5. In the Loop (2009)
10 Words or Fewer Summary: Hilarious political satire admits England and USA are equally screwed
Watching In the Loop without any background knowledge is like jumping into the middle of a hilarious TV show that’s already in its 3rd season – you can’t stop laughing, but you feel like some of the jokes are sailing over your head. In the Loop is outrageously funny, relentlessly paced and acerbically scripted, but I had literally no idea what even the basic plot was and felt like all of the characters had pre-existing arcs that I knew nothing about. I found out after the fact that it’s actually based on an existing show (the BBC’s The Thick of It), but apparently this is more of a spin-off, with few of the show’s actual characters. I had no idea what the fuck was happening, but I laughed from start to finish and it left me wanting more.
6. House (1986)
10 Words or Fewer Summary: Divorced horror novelist moves into haunted house, meets George Wendt
House, a surprisingly worthwhile 80s horror/comedy, is ostensibly about a Vietnam vet coping with the guilt that cost him his wife and son, yet it plays as a screwball comedy in a haunted house. The tonal shifts are jarring until you realize that House is emphasizing the comedic aspect to deal with very dark subject matter while remaining within the confines of relatively mainstream fare. Ably directed by Steve Miner, House features William Katt as an affable lead and an excellent, understated George Wendt as the comedic sidekick. The effects are cartoonish, but impressive nonetheless, and the result is an above-average 80s throwback.
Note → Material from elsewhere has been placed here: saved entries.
theorem mainTheorem18:
  fixes P :: "real^'n^'n" and \<rho> :: "real^'n" and \<beta> :: real
    and \<Phi> :: "real^'d^'n" and \<Phi>max :: real
    and A :: "real^'d^'d" and mu lam gam :: real and C :: "real^'d^'d"
    and M :: "'w measure" and x :: "'w \<Rightarrow> real^'d" and t :: nat
  assumes stoch: "stochastic_matrix P"
    and irr: "irreducible_matrix P"
    and stat: "stationary_distribution P \<rho>"
    and beta: "0 < \<beta>" "\<beta> < 1"
    and feat: "\<forall>s. norm (\<Phi> $ s) \<le> \<Phi>max"
    and rank: "rank \<Phi> = CARD('d)"
    and A_def: "A = transpose \<Phi> ** diag_mat \<rho> ** (mat 1 - \<beta> *\<^sub>R P) ** \<Phi>"
    and mu_def: "mu = lambda_min ((1/2) *\<^sub>R (A + transpose A))"
    and mu_pos: "mu > 0"
    and lam: "lam > 0"
    and gam: "0 < gam"
      "gam \<le> lam / (lam\<^sup>2 + 2 * lam * (1 + \<beta>) * \<Phi>max\<^sup>2 + (1 + \<beta>)\<^sup>2 * \<Phi>max ^ 4)"
    and C_def: "C = mat 1 - gam *\<^sub>R (A + lam *\<^sub>R mat 1)"
    and M: "prob_space M"
    and xmeas: "x \<in> borel_measurable M"
    and xint: "integrable M (\<lambda>\<omega>. (norm (x \<omega>))\<^sup>2)"
  shows "(\<Sum>i\<le>t. integral\<^sup>L M (\<lambda>\<omega>. (norm (matpow C i *v x \<omega>))\<^sup>2))
           \<le> integral\<^sup>L M (\<lambda>\<omega>. (norm (x \<omega>))\<^sup>2) / (gam * (mu + lam))"
proof -
  define S where "S = (1/2) *\<^sub>R (A + transpose A)"
  have "transpose S = S" by (simp add: S_def vec_eq_iff transpose_def)
  then have coercive: "mu * (w \<bullet> w) \<le> w \<bullet> (A *v w)" for w
    using lambda_min_quadratic_form_le[of S w] quadratic_form_symmetric_part[of w A]
    by (simp add: mu_def S_def)
  define K where "K = (1 + \<beta>) * \<Phi>max\<^sup>2"
  have K: "0 \<le> K" using beta by (simp add: K_def)
  have bounded: "norm (A *v w) \<le> K * norm w" for w
    unfolding A_def K_def using stat beta feat
    by (intro norm_feature_matrix_mult_le[OF stoch]) (auto simp: stationary_distribution_def)
  have "lam\<^sup>2 + 2 * lam * (1 + \<beta>) * \<Phi>max\<^sup>2 + (1 + \<beta>)\<^sup>2 * \<Phi>max ^ 4 = (K + lam)\<^sup>2"
    by (simp add: K_def power2_eq_square power4_eq_xxxx algebra_simps)
  then have step_size: "gam * (K + lam)\<^sup>2 \<le> lam"
    using gam lam K by (simp add: field_simps)
  define q where "q = 1 - gam * (mu + lam)"
  have step: "(norm (C *v v))\<^sup>2 \<le> q * (norm v)\<^sup>2" for v
    unfolding C_def q_def using mu_pos
    by (intro regularized_step_norm_sq_le[OF coercive _ bounded K gam(1) step_size]) simp
  have "0 \<le> q"
  proof -
    obtain v :: "real^'d" where "v \<noteq> 0" using vec_eq_iff by (metis zero_neq_one axis_nth)
    moreover have "0 \<le> q * (norm v)\<^sup>2" using step[of v] by (meson order_trans zero_le_power2)
    ultimately show ?thesis by (simp add: zero_le_mult_iff)
  qed
  moreover have "q < 1" using gam mu_pos lam by (simp add: q_def)
  ultimately show ?thesis
    using sum_integral_matpow_norm_sq_le[OF step _ _ xmeas xint] by (simp add: q_def)
qed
7. Glengarry Glen Ross (1992)
10 Words or Fewer Summary: Fearing the wrath of Alec Baldwin, salesmen sell their souls
Possibly the best film about capitalism ever made, Glengarry Glen Ross hauntingly recreates its seismic forces in the interpersonal relationships between lowly salesmen in a dingy real estate office. Each interaction between these sharply drawn characters is a collision of constantly shifting power dynamics as their values rise and fall like so many stocks. Small in scale, the film’s ideas are impressively far-reaching: it captures the desperation that fuels the capitalist spirit, as well as the absurd macho rhetoric. It understands that success is ultimately dependent on someone else’s failure and that the limp-wristed regulation of the law pales in comparison to landing on the wrong side of a deal.
Oh, and did I mention it’s an ensemble piece starring Al Pacino, Ed Harris, Jack Lemmon, Alan Arkin, Alec Baldwin, and Kevin Spacey? Superbly written (adapted by David Mamet from his own play) and about as well acted as any movie ever made (if I had to rank the performances, I’d go Lemmon, Pacino, Harris, Baldwin, Spacey, Arkin).